• [Records shown]:
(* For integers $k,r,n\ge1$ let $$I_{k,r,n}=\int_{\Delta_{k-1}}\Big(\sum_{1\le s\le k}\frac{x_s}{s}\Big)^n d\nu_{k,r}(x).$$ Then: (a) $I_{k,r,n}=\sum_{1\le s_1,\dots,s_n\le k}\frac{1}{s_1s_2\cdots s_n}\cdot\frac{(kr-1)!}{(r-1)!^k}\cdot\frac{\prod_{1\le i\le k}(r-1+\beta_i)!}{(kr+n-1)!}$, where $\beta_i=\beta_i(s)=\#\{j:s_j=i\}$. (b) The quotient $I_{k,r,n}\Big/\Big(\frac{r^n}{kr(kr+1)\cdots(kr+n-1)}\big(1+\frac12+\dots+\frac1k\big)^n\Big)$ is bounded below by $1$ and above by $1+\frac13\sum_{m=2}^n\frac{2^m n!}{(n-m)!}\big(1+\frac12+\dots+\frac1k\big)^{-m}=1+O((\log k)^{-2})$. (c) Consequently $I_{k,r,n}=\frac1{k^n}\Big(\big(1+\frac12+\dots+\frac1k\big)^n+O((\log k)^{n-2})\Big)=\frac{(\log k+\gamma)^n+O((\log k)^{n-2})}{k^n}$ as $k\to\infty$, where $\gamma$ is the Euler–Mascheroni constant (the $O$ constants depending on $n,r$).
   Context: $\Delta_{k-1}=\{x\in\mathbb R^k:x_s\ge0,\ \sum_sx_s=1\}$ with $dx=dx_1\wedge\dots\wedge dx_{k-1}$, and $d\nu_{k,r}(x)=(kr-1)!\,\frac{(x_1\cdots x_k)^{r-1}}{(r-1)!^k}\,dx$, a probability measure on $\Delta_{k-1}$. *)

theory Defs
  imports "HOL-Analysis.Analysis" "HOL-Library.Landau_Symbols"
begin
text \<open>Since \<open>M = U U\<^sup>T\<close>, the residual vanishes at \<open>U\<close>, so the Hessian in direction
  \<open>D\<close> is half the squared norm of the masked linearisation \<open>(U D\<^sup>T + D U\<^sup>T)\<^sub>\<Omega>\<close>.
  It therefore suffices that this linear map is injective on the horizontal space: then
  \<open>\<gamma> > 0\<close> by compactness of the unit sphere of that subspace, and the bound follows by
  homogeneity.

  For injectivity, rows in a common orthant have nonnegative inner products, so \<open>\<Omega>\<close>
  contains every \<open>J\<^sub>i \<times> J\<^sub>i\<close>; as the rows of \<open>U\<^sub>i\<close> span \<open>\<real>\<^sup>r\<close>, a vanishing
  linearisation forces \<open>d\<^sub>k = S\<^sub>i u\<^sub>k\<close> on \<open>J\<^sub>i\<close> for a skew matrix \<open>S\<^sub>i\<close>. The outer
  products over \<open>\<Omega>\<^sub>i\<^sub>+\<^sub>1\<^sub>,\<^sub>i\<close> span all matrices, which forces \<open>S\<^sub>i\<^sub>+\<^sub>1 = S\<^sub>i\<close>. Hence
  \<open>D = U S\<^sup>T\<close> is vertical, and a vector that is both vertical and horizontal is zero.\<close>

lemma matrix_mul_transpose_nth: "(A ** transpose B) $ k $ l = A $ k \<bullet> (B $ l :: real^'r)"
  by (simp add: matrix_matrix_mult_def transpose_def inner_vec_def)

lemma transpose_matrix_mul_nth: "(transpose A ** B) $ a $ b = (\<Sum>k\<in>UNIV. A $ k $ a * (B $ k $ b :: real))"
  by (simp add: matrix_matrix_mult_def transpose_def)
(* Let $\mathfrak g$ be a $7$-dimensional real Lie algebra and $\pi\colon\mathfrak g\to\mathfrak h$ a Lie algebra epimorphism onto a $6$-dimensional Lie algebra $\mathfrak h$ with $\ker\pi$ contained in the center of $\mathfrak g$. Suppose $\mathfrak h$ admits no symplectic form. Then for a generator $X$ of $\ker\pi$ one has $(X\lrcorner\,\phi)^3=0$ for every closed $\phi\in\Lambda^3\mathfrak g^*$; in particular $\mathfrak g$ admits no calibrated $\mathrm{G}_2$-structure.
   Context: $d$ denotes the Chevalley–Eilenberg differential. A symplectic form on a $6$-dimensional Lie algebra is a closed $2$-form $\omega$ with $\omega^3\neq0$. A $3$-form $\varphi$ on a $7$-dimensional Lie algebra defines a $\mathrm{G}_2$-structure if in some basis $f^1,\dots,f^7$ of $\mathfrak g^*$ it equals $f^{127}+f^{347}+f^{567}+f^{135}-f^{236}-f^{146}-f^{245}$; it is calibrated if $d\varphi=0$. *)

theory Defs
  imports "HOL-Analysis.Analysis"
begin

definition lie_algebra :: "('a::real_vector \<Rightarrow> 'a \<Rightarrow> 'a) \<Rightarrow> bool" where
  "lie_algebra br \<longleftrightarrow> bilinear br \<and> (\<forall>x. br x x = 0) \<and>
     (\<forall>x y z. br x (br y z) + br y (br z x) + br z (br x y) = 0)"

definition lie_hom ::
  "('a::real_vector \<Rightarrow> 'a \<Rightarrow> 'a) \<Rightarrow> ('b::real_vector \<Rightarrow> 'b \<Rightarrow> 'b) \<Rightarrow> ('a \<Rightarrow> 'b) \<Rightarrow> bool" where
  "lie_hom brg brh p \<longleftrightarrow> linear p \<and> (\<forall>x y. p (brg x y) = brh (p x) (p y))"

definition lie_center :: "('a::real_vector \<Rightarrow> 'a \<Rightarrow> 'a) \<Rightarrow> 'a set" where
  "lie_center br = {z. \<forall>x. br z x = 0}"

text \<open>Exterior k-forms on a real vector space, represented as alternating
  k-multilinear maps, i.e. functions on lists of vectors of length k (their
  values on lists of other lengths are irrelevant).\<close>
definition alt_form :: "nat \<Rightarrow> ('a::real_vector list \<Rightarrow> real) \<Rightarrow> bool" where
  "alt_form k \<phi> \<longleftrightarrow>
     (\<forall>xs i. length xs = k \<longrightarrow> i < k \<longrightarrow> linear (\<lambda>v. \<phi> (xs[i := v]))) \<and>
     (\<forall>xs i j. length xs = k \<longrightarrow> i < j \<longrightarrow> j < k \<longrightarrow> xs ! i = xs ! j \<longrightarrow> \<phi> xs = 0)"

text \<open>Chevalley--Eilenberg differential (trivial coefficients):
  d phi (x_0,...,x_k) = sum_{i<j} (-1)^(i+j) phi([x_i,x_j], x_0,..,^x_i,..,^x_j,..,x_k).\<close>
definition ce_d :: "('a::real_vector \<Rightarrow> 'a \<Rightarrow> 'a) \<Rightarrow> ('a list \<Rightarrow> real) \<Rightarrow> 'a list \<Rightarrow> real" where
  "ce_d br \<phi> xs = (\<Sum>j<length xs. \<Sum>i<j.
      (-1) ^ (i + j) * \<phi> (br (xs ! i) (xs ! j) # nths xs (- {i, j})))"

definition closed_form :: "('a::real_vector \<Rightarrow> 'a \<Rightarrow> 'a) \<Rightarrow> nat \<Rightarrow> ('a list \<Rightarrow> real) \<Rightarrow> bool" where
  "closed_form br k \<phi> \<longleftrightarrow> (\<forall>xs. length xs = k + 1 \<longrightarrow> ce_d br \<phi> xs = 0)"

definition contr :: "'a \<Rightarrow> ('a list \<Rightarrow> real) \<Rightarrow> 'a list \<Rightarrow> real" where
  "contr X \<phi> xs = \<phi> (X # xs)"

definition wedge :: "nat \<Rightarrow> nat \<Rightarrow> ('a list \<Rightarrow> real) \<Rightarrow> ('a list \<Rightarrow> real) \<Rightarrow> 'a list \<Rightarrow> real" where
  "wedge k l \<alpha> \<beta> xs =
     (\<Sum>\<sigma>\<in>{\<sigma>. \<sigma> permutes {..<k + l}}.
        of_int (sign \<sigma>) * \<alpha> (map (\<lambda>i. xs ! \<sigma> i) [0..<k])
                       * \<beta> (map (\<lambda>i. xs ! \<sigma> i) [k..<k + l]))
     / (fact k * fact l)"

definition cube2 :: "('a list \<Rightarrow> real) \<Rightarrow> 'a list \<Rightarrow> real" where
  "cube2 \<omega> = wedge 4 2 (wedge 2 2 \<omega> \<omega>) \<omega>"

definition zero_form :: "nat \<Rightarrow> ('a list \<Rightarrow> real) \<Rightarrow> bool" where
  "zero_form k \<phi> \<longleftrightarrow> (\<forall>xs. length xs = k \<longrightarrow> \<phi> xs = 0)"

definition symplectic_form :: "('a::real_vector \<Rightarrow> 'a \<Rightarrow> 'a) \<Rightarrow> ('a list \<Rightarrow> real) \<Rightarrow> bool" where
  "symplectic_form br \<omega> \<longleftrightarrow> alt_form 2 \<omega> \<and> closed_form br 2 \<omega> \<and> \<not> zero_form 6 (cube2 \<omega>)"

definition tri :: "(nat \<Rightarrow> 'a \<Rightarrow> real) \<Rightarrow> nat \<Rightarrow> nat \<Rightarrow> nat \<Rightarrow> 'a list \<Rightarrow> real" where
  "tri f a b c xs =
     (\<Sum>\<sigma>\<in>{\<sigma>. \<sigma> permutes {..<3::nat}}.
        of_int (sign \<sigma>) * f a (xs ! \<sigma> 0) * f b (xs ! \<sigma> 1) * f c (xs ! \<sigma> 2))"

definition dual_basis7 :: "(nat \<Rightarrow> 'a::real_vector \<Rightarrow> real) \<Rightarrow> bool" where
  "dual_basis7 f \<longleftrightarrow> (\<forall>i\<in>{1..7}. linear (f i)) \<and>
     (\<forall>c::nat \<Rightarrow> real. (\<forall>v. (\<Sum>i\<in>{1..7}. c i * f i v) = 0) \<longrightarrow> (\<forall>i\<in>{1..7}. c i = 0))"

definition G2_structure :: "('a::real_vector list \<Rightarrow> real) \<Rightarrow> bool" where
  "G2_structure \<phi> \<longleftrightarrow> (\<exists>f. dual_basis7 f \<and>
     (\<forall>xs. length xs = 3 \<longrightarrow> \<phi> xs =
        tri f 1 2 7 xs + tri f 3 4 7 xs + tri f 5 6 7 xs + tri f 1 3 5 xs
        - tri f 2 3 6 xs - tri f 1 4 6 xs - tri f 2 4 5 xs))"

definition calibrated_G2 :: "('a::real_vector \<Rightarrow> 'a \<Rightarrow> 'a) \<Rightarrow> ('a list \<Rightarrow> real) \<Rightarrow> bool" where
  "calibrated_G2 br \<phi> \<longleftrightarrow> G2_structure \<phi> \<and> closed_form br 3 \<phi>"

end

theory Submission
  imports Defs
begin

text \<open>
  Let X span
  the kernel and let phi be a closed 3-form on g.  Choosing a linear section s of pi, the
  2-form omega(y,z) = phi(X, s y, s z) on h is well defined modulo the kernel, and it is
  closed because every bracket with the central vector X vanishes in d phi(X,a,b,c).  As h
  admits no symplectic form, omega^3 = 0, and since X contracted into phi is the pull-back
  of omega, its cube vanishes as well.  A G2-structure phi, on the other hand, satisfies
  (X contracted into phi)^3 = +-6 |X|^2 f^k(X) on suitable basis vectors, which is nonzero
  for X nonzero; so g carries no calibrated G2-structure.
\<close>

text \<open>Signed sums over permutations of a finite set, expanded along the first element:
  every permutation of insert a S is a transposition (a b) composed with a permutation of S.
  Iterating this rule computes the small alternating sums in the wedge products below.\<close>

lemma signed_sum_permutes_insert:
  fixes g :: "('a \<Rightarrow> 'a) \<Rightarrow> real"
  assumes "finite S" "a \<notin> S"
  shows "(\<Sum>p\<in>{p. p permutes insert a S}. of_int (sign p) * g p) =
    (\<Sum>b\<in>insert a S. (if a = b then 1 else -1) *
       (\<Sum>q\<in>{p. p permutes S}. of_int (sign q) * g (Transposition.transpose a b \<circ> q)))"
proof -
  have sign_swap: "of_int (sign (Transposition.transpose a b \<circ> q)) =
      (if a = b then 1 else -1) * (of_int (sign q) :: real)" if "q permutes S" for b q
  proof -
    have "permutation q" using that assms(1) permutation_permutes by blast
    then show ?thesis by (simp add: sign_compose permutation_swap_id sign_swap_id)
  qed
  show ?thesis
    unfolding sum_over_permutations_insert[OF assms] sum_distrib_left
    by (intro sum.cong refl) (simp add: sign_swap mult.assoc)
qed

--

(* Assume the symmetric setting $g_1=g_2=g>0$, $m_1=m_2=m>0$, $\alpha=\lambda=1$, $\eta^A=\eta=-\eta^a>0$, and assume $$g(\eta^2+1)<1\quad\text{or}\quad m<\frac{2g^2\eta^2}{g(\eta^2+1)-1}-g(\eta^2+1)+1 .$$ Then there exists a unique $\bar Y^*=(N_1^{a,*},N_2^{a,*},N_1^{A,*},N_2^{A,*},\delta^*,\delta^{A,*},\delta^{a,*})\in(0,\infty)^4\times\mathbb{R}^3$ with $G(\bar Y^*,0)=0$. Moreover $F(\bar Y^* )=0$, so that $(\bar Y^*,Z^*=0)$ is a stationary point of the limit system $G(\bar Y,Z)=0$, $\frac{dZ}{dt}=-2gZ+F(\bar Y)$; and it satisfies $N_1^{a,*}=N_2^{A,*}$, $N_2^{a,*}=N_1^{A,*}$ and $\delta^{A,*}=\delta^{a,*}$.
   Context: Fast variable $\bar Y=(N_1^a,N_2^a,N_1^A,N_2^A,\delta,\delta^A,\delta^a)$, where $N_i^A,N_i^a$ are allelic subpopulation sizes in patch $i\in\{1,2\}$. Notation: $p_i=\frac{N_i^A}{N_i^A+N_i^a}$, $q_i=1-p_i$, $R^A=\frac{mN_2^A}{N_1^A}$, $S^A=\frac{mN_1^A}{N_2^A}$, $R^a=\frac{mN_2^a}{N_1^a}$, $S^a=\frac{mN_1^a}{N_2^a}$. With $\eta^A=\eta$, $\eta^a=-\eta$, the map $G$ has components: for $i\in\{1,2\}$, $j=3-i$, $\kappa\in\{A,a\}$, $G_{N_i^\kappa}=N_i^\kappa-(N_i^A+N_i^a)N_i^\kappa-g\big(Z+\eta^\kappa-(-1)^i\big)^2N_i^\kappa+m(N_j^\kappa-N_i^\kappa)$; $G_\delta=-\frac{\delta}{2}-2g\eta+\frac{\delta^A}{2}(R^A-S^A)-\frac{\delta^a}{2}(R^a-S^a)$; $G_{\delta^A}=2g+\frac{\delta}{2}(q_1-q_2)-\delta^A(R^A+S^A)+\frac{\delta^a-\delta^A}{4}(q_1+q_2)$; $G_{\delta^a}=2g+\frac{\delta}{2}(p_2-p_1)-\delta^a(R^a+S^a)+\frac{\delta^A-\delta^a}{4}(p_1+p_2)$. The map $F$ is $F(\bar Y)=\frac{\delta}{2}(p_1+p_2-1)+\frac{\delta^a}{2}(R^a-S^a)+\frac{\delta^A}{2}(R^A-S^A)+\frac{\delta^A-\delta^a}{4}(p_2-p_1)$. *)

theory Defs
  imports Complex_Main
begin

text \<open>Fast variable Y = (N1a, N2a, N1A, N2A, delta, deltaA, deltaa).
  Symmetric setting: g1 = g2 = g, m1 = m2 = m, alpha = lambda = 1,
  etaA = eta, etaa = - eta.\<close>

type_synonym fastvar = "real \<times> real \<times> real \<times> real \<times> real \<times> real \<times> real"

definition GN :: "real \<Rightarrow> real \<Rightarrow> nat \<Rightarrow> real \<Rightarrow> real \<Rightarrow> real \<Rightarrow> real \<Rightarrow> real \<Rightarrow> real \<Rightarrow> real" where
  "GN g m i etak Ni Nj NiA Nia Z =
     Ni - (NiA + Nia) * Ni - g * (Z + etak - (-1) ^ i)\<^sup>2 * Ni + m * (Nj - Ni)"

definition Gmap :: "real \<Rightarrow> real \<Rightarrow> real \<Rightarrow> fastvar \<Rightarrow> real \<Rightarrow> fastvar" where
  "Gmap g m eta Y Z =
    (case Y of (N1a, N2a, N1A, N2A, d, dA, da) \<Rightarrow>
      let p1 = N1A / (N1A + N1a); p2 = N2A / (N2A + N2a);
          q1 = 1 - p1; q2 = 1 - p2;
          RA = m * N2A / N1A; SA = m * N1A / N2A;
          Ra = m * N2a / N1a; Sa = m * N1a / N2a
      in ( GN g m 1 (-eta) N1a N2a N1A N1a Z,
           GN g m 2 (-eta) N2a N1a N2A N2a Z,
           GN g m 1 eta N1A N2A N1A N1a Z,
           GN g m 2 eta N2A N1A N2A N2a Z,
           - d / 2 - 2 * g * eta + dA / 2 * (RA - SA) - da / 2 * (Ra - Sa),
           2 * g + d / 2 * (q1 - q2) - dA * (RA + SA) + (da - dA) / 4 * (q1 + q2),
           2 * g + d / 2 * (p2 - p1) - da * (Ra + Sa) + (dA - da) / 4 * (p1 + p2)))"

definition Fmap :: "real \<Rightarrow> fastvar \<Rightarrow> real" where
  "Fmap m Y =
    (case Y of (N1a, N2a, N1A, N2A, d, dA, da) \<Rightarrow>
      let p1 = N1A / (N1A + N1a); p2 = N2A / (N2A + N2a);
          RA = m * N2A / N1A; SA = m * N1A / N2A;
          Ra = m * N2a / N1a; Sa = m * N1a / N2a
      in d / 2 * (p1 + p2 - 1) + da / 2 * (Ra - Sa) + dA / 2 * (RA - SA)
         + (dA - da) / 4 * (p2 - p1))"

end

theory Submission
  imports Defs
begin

• [Task requirements]: From the line containing "real) \<Rightarrow> ('a" down to the line containing "(\<forall>xs. length xs = 3" in the material above, reproduce every line exactly, including the two end lines.

• [Exercise result]:
definition wedge :: "nat \<Rightarrow> nat \<Rightarrow> ('a list \<Rightarrow> real) \<Rightarrow> ('a list \<Rightarrow> real) \<Rightarrow> 'a list \<Rightarrow> real" where
  "wedge k l \<alpha> \<beta> xs =
     (\<Sum>\<sigma>\<in>{\<sigma>. \<sigma> permutes {..<k + l}}.
        of_int (sign \<sigma>) * \<alpha> (map (\<lambda>i. xs ! \<sigma> i) [0..<k])
                       * \<beta> (map (\<lambda>i. xs ! \<sigma> i) [k..<k + l]))
     / (fact k * fact l)"

definition cube2 :: "('a list \<Rightarrow> real) \<Rightarrow> 'a list \<Rightarrow> real" where
  "cube2 \<omega> = wedge 4 2 (wedge 2 2 \<omega> \<omega>) \<omega>"

definition zero_form :: "nat \<Rightarrow> ('a list \<Rightarrow> real) \<Rightarrow> bool" where
  "zero_form k \<phi> \<longleftrightarrow> (\<forall>xs. length xs = k \<longrightarrow> \<phi> xs = 0)"

definition symplectic_form :: "('a::real_vector \<Rightarrow> 'a \<Rightarrow> 'a) \<Rightarrow> ('a list \<Rightarrow> real) \<Rightarrow> bool" where
  "symplectic_form br \<omega> \<longleftrightarrow> alt_form 2 \<omega> \<and> closed_form br 2 \<omega> \<and> \<not> zero_form 6 (cube2 \<omega>)"

definition tri :: "(nat \<Rightarrow> 'a \<Rightarrow> real) \<Rightarrow> nat \<Rightarrow> nat \<Rightarrow> nat \<Rightarrow> 'a list \<Rightarrow> real" where
  "tri f a b c xs =
     (\<Sum>\<sigma>\<in>{\<sigma>. \<sigma> permutes {..<3::nat}}.
        of_int (sign \<sigma>) * f a (xs ! \<sigma> 0) * f b (xs ! \<sigma> 1) * f c (xs ! \<sigma> 2))"

definition dual_basis7 :: "(nat \<Rightarrow> 'a::real_vector \<Rightarrow> real) \<Rightarrow> bool" where
  "dual_basis7 f \<longleftrightarrow> (\<forall>i\<in>{1..7}. linear (f i)) \<and>
     (\<forall>c::nat \<Rightarrow> real. (\<forall>v. (\<Sum>i\<in>{1..7}. c i * f i v) = 0) \<longrightarrow> (\<forall>i\<in>{1..7}. c i = 0))"

definition G2_structure :: "('a::real_vector list \<Rightarrow> real) \<Rightarrow> bool" where
  "G2_structure \<phi> \<longleftrightarrow> (\<exists>f. dual_basis7 f \<and>
     (\<forall>xs. length xs = 3 \<longrightarrow> \<phi> xs =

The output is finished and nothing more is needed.